To achieve stability and low-latency the driver needs to process the audio in real-time. While the driver itself is not CPU-intensive, it needs to be scheduled for execution by the OS as soon as data is available. The same applies for the DAWs. In order to guarantee that latency-sensitive applications are scheduled as soon as possible, they run with high (or even real-time) process and thread priority.
Windows provides a special service for multimedia applications – the Multimedia Class Schedule Service (or MMCSS for short). Instead of dealing with scheduling priorities manually, each thread in the application can register itself to the MMCSS, and the service automatically raises the thread priority. Most of the time this works great. However, there is a catch – if the thread exceeds a given time quota, the service drastically lowers the thread priority in order to allow background tasks to run. This means that if you’re using lower buffer sizes and there is another task running in the background, the MMCSS might decide to drop the priority of the DAW and driver threads, the background task will preempt them, and you’ll hear crackling.

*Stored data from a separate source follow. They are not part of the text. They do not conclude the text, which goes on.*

theorem theorem17:
  fixes m n p :: nat and a :: "nat \<Rightarrow> nat"
  assumes "m \<ge> 2" and "n > 1" and "p \<ge> 1"
    and "\<forall>i < m. a i > 0"
    and "odd (\<Prod>i < m. a i)"
  shows "distance_magic (kron_list (map (\<lambda>i. copies (a i) (cmp_graph n p)) [0..<m]))
         \<longleftrightarrow> (even n \<or> (odd n \<and> odd p))"
proof -
  let ?G = "cmp_product a m n p" and ?B = "card (map copy_part ` fst (cmp_product a m n p))"
  have "0 < card (fst ?G)"
    using odd_pos[OF assms(5)] assms(2,3) by (simp add: card_cmp_product)
  then have nonempty: "fst ?G \<noteq> {}" by auto
  have card_classes: "card (fst ?G) = ?B * n ^ m"
    using finite_cmp_product class_size_cmp_product unfolding class_size_def by (rule card_by_classes)
  show ?thesis
    unfolding cmp_product_def[symmetric]
  proof
    assume "distance_magic ?G"
    from distance_magic_regular_parity[OF this undirected_cmp_product regular_cmp_product nonempty]
    show "even n \<or> (odd n \<and> odd p)"
      using assms(1,3) by (auto simp: card_cmp_product)
  next
    assume n_p: "even n \<or> (odd n \<and> odd p)"
    have "even (n ^ m) \<or> (odd ?B \<and> 3 \<le> n ^ m)"
    proof (cases "even n")
      case False
      with assms(2) have "3 \<le> n" by presburger
      also have "n \<le> n ^ m" using assms(1,2) by (simp add: self_le_power)
      moreover have "odd (card (fst ?G))" using False n_p assms(5) by (simp add: card_cmp_product)
      then have "odd ?B" unfolding card_classes by simp
      ultimately show ?thesis by simp
    qed (use assms(1) in simp)
    then show "distance_magic ?G"
      by (rule distance_magic_if_twin_classes[OF finite_cmp_product regular_cmp_product
            twin_classes_cmp_product class_size_cmp_product])
  qed
qed

end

Different DAWs behave differently – some of them register with the MMCSS, other manually manage the scheduling priority. We provide a checkbox in the ASIO Settings Control Panel to select whether or not the driver thread itself should register with the MMCSS. It should match the behavior of the DAW.
While it would be best if no background tasks are running during your session, you can’t always guarantee that this is the case. In case you are experiencing crackling due to background tasks taking over the CPU, try toggling the MMCSS registration checkbox in the ASIO Settings Control Panel, or try disabling the MMCSS altogether and manually set the DAW to real-time priority. To disable MMCSS altogether run “regedit”, go to Computer\HKEY_LOCAL_MACHINE\SYSTEM\CurrentControlSet\Services\MMCSS , change the value of “Start” to 4, restart the computer, this will permanently disable the service.
We’re communicating the negative effects of the MMCSS with the maintainers of ASIO Standard (Steinberg) and we’re hoping that more drivers and DAWs can make the MMCSS registration optional.